Auto Song Structure
Written June 2023
I wanted to learn a little bit about AI, and hopefully make my sightreading a little bit faster.
Preface: what are Song Structure Sheets?
I like making these sheets. Started when playing with parents and bianco because we had to learn a lot of songs fast. good for playing along, and also good for remembering lyrics when you already mostly know how they go.
They have solidified into this format. I am pretty satisfied and know all i need to know on drums.
Maybe more chord information would be useful when playing gutiar, especially if I still don’t know the song. This is when my listens are still relatively low.
Generating them is relatively time-intensive, especially if I have never heard the song again.
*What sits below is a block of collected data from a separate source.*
(* If $c$ is real with $0\le c\le 1/4$, then $r_{\mathrm{bif}}(c)=1/4-c$.
   Context: $f_c(z)=z^2+c$, extended to $\widehat{\mathbb{C}}$ by $f_c(\infty)=\infty$. For $c\in\mathbb{C}$, $r\ge0$, $G_{c,r}$ is the semigroup under composition generated by $\{f_{c'}:|c'-c|\le r\}$. A minimal set of a polynomial semigroup $G$ is a minimal element, with respect to inclusion, of the family of non-empty compact $L\subset\widehat{\mathbb{C}}$ with $g(L)\subset L$ for all $g\in G$; it is planar if $\infty\notin L$. The bifurcation radius $r_{\mathrm{bif}}(c)$ is the supremum of those $r\ge0$ for which $G_{c,r}$ has a planar minimal set (equivalently the infimum of those $r\ge0$ for which $G_{c,r}$ has no planar minimal set); by prior work this value is attained and $G_{c,r}$ has a planar minimal set iff $r\le r_{\mathrm{bif}}(c)$. *)

theory Defs
  imports "HOL-Analysis.Analysis"
begin

definition fc :: "complex \<Rightarrow> complex \<Rightarrow> complex" where
  "fc c z = z^2 + c"

text \<open>G_{c,r}: the semigroup under composition generated by f_{c'} with |c' - c| \<le> r,
  as maps restricted to the plane (each f_{c'} maps the plane to itself).\<close>
inductive_set Gsemi :: "complex \<Rightarrow> real \<Rightarrow> (complex \<Rightarrow> complex) set"
  for c :: complex and r :: real where
  gen: "cmod (c' - c) \<le> r \<Longrightarrow> fc c' \<in> Gsemi c r"
| comp: "g \<in> Gsemi c r \<Longrightarrow> h \<in> Gsemi c r \<Longrightarrow> g \<circ> h \<in> Gsemi c r"

definition forward_invariant :: "(complex \<Rightarrow> complex) set \<Rightarrow> complex set \<Rightarrow> bool" where
  "forward_invariant G L \<longleftrightarrow> (\<forall>g\<in>G. g ` L \<subseteq> L)"

text \<open>A planar minimal set: a minimal set not containing infinity. Every subset of a
  planar set is planar, and a subset of the plane is compact in the Riemann sphere iff
  it is compact in the plane, so minimality can be tested among planar compact sets.\<close>
definition planar_minimal_set :: "(complex \<Rightarrow> complex) set \<Rightarrow> complex set \<Rightarrow> bool" where
  "planar_minimal_set G L \<longleftrightarrow>
     L \<noteq> {} \<and> compact L \<and> forward_invariant G L \<and>
     (\<forall>K. K \<noteq> {} \<and> compact K \<and> forward_invariant G K \<and> K \<subseteq> L \<longrightarrow> K = L)"

definition r_bif :: "complex \<Rightarrow> real" where
  "r_bif c = Sup {r. r \<ge> 0 \<and> (\<exists>L. planar_minimal_set (Gsemi c r) L)}"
Lots of counting on fingers.
Idea
I have miraculously avoided any machine learning so far, and I finally wanted to change that. Finding some task that needs pattern recognition is the simplest candidate. Creating these song charts seems well-bounded, and deterministic based on patterns that are easily human-recognizable. This seemed like a good option to get started.
Prior Art
The most popular and obvious effort in this space is Pychorus (article and github). This is an analytical solution to detecting which part of the song is the chorus, by finding note-time similarity binned by tempo. This is a fast and simple solution that works on steady electronic sounds, but the author states hwo chanigng tempos introduce error (one being worked on) and that an AI model would do much better.
The time-lag similarity matrix from pychorus - horizontal black lines represent similarity.
Learning
I first looked at what tools are availible. I wanted to use my own hardware (I paid good money for this GPU) and I wanted to use Python, so looked like pytorch, tensorflow, and scikit-learn were the three most promising options. I picked tensorflow, as they had a set of good audio handling wrappers.
I took their intro course and got down the basics of linear models, the terminology, and other stuff. I came up with a few methods I was considering using:
Clustering by Section
Split the song into overlapping 1-2 second audio clips. Cluster them by similarity. Use the similar times to generate A, B, C, etc sections. If reliable enough, possibly Classify those parts as CHORUS or VERSE etc. This approach is most similar to the model in pychorus, but leverages the power of AI to do clustering, not relying on exact patterns to match.
Problem: Would training a model would have to be done on EACH SONG? How would this work accross genres?
Split by Difference
Split the song into non-overlapping 1-2 second audio clips, staggered at many start times. For two clips, determine how ‘far apart’ those clips are, determining if a transition happened.
Problem: Silent measures? Chords held for more than 1 second? All except the simplest music is too complex for this.
Find Visual Changes
Feed the whole song in as a spectrogram image. Detect vertical lines where the song changes section based only on this.
Problem: Metal and rock spectrograms have almost no perceptible changes between sections.
Getting Started
I knew whatever happened I would need training data - songs labeled into sections. I spent some time thinking up ways to do this in react or tkinter, but found out that Audacity has a built-in labeling system - way better than I could ever make. This generates some nice text files to parse.
I also was thinking of ways to con my friends leverage the open-source community for helping create these labeled tracks. If audacity is easy enough and everyone has it installed, I would just need a way to let them upload mp3’s and txt’s. I started planning a server and possibly providing a frontend for my own youtube-mp3 service.
However, I decided to keep things quiet and focus on the meat of the problem before spending hours making a data collection service.
An Analytic Solution
I wanted to finish the pipeline from song to sheet, so I started working on the parts after the individual sections of the song are identified. This includes determining tempo, and writing out the length and number of repeats of the other sections.
This could be done with librosa and beat detection. Some simple math sorts repeats out by likelihood, but isn’t perfect. The beat detection is also not perfect, but it is simple enough.
Money machine by 100 gecs works pretty well!
The intro to Pain and Pleasure by Judas Priest does not work…
This, combined with manually labeling the tracks in Audacity, is the minimum we can do to make a useful track chart. This leaves the user with the only need to add lyrics and notes, and then touch up the formatting and colors.
Descision on AI
With the manual solution, I made two charts for songs, and it was pretty quick and easy. Then I realized i was bored, and stopped. AI would be minimally effective, and hard to train. I will have to keep looking for a good project to apply AI to.